→ **What this task involves**
Write out each line from the data below that includes the word "Longrightarrow".

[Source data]
--------
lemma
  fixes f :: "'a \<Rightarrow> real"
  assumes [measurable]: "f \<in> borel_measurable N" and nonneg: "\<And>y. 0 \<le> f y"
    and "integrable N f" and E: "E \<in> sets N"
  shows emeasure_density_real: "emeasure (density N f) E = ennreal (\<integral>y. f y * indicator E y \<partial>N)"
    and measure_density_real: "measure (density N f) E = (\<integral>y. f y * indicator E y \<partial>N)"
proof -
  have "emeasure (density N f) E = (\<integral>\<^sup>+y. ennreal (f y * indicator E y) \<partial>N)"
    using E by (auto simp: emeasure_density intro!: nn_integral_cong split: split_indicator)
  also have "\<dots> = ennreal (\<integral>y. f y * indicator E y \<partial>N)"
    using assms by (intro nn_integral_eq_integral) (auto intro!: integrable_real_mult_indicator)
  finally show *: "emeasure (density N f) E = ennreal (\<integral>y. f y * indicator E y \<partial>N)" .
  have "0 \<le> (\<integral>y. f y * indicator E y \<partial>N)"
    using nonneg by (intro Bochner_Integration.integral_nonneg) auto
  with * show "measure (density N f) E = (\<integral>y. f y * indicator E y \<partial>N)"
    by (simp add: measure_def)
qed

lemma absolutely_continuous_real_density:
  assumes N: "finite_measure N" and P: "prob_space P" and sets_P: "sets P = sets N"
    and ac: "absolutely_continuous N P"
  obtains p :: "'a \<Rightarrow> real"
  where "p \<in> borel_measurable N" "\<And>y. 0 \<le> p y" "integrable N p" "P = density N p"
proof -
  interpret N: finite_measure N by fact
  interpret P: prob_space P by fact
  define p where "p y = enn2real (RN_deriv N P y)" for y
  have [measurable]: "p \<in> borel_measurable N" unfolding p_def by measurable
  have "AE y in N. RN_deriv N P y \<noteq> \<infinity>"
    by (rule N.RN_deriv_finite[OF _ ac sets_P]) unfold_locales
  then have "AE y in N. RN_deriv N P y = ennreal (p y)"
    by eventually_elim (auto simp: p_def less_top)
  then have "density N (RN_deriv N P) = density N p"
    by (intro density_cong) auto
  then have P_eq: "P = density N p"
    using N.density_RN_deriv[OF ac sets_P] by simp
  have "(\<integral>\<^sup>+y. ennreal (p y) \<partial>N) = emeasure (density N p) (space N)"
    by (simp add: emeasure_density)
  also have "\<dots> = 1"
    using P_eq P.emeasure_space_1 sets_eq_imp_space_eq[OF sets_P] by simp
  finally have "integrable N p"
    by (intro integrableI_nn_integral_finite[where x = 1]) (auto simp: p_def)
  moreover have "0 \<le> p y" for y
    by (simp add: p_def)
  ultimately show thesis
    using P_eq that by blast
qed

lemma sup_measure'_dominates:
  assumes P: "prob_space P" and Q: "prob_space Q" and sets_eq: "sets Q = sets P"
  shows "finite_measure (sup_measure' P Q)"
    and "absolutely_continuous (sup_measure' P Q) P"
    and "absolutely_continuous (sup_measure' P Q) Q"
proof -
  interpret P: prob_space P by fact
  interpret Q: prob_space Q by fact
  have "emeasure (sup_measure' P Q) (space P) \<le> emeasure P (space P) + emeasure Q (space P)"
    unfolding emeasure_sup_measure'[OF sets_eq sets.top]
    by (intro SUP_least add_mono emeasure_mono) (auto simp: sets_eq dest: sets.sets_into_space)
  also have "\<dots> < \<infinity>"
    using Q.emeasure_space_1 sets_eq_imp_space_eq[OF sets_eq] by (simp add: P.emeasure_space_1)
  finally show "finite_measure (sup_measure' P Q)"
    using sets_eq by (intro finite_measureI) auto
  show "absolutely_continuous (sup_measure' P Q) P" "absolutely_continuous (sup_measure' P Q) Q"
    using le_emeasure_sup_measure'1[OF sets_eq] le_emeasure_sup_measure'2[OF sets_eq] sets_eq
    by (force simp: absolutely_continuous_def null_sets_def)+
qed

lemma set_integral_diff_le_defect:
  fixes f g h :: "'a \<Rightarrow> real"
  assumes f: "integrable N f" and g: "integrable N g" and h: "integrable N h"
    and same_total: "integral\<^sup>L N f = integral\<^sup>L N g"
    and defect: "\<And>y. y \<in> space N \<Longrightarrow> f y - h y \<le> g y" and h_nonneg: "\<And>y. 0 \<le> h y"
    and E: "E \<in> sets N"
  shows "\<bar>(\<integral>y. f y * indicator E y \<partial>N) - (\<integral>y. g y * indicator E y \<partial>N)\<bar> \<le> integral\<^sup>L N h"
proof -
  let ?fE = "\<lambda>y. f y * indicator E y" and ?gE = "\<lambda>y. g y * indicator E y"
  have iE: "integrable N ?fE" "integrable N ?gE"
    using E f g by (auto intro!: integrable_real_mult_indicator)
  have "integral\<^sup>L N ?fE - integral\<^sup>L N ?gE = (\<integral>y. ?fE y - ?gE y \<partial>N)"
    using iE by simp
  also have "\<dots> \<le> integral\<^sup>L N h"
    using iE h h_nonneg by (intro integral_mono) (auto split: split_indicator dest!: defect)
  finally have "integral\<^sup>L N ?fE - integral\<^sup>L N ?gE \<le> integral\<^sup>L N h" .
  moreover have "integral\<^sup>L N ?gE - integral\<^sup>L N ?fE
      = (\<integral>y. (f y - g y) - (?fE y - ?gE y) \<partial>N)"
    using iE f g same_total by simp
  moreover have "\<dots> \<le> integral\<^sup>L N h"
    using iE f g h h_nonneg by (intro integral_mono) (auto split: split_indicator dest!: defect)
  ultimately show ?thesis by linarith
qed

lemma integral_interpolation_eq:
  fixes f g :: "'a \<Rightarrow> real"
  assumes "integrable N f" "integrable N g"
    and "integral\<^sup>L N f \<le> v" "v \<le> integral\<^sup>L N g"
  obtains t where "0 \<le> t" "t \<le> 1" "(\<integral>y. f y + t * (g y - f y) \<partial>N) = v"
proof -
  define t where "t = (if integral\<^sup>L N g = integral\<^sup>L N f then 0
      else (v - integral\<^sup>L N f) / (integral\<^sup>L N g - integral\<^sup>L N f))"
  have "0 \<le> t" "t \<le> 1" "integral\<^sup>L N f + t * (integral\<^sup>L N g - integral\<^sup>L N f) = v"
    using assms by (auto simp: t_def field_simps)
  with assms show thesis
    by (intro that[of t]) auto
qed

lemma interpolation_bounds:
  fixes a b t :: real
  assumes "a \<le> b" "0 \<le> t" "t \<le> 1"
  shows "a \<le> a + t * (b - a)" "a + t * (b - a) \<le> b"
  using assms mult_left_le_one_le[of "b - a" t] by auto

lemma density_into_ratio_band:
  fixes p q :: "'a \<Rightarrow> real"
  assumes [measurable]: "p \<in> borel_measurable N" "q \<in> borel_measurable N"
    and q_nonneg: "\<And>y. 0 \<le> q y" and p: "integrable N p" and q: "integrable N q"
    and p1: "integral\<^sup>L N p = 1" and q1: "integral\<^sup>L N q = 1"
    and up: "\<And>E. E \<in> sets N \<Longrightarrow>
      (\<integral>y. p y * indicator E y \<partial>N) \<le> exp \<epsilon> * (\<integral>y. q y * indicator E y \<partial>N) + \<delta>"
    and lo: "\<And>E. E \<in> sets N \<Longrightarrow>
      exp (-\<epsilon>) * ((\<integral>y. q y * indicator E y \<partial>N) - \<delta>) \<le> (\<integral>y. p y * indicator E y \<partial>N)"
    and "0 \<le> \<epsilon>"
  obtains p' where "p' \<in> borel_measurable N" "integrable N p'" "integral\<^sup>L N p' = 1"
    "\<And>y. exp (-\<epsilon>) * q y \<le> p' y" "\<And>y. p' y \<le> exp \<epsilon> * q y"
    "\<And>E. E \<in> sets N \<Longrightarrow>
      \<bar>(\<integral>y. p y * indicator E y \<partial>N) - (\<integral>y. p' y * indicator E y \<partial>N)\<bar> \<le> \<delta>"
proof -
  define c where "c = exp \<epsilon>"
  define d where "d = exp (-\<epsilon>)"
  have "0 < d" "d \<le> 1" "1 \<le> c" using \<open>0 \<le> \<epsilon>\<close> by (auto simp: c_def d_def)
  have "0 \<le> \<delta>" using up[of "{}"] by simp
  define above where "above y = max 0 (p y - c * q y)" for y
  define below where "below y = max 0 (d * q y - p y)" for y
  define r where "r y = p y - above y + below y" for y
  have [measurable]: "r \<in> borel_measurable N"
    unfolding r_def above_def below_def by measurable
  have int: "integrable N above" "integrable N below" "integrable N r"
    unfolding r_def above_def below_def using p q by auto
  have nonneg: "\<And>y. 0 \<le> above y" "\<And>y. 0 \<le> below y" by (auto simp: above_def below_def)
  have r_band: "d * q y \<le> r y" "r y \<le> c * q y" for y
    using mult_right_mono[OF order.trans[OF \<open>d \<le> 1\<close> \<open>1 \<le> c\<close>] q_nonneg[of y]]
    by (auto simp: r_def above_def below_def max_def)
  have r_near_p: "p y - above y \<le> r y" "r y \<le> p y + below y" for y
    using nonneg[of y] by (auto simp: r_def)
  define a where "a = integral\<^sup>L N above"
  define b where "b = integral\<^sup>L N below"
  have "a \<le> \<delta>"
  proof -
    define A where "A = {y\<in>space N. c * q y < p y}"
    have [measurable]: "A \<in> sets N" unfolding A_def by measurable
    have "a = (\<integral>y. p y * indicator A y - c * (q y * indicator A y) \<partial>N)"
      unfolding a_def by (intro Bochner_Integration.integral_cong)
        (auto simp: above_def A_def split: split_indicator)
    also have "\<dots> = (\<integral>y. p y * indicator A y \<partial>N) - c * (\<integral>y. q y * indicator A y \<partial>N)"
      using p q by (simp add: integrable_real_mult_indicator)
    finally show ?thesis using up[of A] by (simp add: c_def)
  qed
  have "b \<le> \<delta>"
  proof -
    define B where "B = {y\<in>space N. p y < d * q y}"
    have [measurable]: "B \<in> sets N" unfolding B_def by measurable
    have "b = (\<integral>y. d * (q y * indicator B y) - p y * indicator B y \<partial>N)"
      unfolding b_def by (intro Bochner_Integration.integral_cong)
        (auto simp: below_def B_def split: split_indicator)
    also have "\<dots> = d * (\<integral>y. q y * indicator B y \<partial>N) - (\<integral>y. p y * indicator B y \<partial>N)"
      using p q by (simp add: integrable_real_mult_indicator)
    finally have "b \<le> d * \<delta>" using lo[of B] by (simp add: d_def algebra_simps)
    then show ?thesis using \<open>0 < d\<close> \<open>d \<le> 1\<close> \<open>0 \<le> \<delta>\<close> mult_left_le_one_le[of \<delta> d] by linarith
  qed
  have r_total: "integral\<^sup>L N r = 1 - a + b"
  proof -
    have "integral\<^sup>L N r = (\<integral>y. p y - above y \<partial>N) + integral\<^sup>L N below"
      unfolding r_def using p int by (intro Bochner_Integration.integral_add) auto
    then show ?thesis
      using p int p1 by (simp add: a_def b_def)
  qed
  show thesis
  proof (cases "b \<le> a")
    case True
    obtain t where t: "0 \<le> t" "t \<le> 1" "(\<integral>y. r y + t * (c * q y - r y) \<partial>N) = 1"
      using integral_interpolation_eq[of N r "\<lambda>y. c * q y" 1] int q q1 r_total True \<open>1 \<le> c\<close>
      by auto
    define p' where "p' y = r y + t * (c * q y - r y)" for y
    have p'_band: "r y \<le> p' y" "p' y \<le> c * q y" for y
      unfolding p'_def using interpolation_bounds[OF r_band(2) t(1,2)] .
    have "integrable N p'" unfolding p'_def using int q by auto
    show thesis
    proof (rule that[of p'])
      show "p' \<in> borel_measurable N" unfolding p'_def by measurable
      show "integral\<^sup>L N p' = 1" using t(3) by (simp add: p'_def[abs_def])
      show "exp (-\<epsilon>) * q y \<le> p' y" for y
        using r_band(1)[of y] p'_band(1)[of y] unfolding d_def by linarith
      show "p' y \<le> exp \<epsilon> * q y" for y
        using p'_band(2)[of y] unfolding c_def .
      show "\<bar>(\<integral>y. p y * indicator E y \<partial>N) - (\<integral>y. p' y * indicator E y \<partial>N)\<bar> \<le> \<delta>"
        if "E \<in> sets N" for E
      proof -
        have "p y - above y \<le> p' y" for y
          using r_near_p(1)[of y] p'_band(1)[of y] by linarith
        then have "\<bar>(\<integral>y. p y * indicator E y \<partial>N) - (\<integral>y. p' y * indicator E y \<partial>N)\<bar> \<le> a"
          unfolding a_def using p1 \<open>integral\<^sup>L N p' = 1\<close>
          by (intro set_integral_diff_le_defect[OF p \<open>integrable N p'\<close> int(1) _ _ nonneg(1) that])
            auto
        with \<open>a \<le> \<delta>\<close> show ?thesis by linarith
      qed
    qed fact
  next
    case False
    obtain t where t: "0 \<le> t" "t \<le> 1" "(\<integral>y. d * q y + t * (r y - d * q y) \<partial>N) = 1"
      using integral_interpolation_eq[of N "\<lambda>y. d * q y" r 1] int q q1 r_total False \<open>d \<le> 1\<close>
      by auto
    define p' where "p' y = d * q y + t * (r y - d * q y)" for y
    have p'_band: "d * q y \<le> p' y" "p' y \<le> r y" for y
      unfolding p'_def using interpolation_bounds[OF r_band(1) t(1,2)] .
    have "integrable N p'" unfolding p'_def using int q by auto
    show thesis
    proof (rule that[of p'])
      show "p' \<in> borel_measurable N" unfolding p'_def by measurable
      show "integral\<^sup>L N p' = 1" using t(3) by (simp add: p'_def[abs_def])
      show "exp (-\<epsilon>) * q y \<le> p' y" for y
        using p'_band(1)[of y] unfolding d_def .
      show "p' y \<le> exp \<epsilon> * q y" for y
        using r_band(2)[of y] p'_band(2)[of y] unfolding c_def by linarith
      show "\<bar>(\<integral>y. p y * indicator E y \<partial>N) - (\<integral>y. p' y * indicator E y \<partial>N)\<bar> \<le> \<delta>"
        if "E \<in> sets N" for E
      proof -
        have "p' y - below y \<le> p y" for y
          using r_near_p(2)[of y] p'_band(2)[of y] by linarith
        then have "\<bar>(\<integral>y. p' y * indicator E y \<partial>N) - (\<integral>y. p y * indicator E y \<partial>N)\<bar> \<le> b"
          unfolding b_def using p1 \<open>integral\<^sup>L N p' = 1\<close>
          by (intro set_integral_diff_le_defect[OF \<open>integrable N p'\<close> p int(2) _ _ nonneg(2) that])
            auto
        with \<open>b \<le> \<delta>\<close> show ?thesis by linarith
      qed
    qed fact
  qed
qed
--------
→ **Output for this exercise**
    and defect: "\<And>y. y \<in> space N \<Longrightarrow> f y - h y \<le> g y" and h_nonneg: "\<And>y. 0 \<le> h y"
    and up: "\<And>E. E \<in> sets N \<Longrightarrow>
    and lo: "\<And>E. E \<in> sets N \<Longrightarrow>
    "\<And>E. E \<in> sets N \<Longrightarrow>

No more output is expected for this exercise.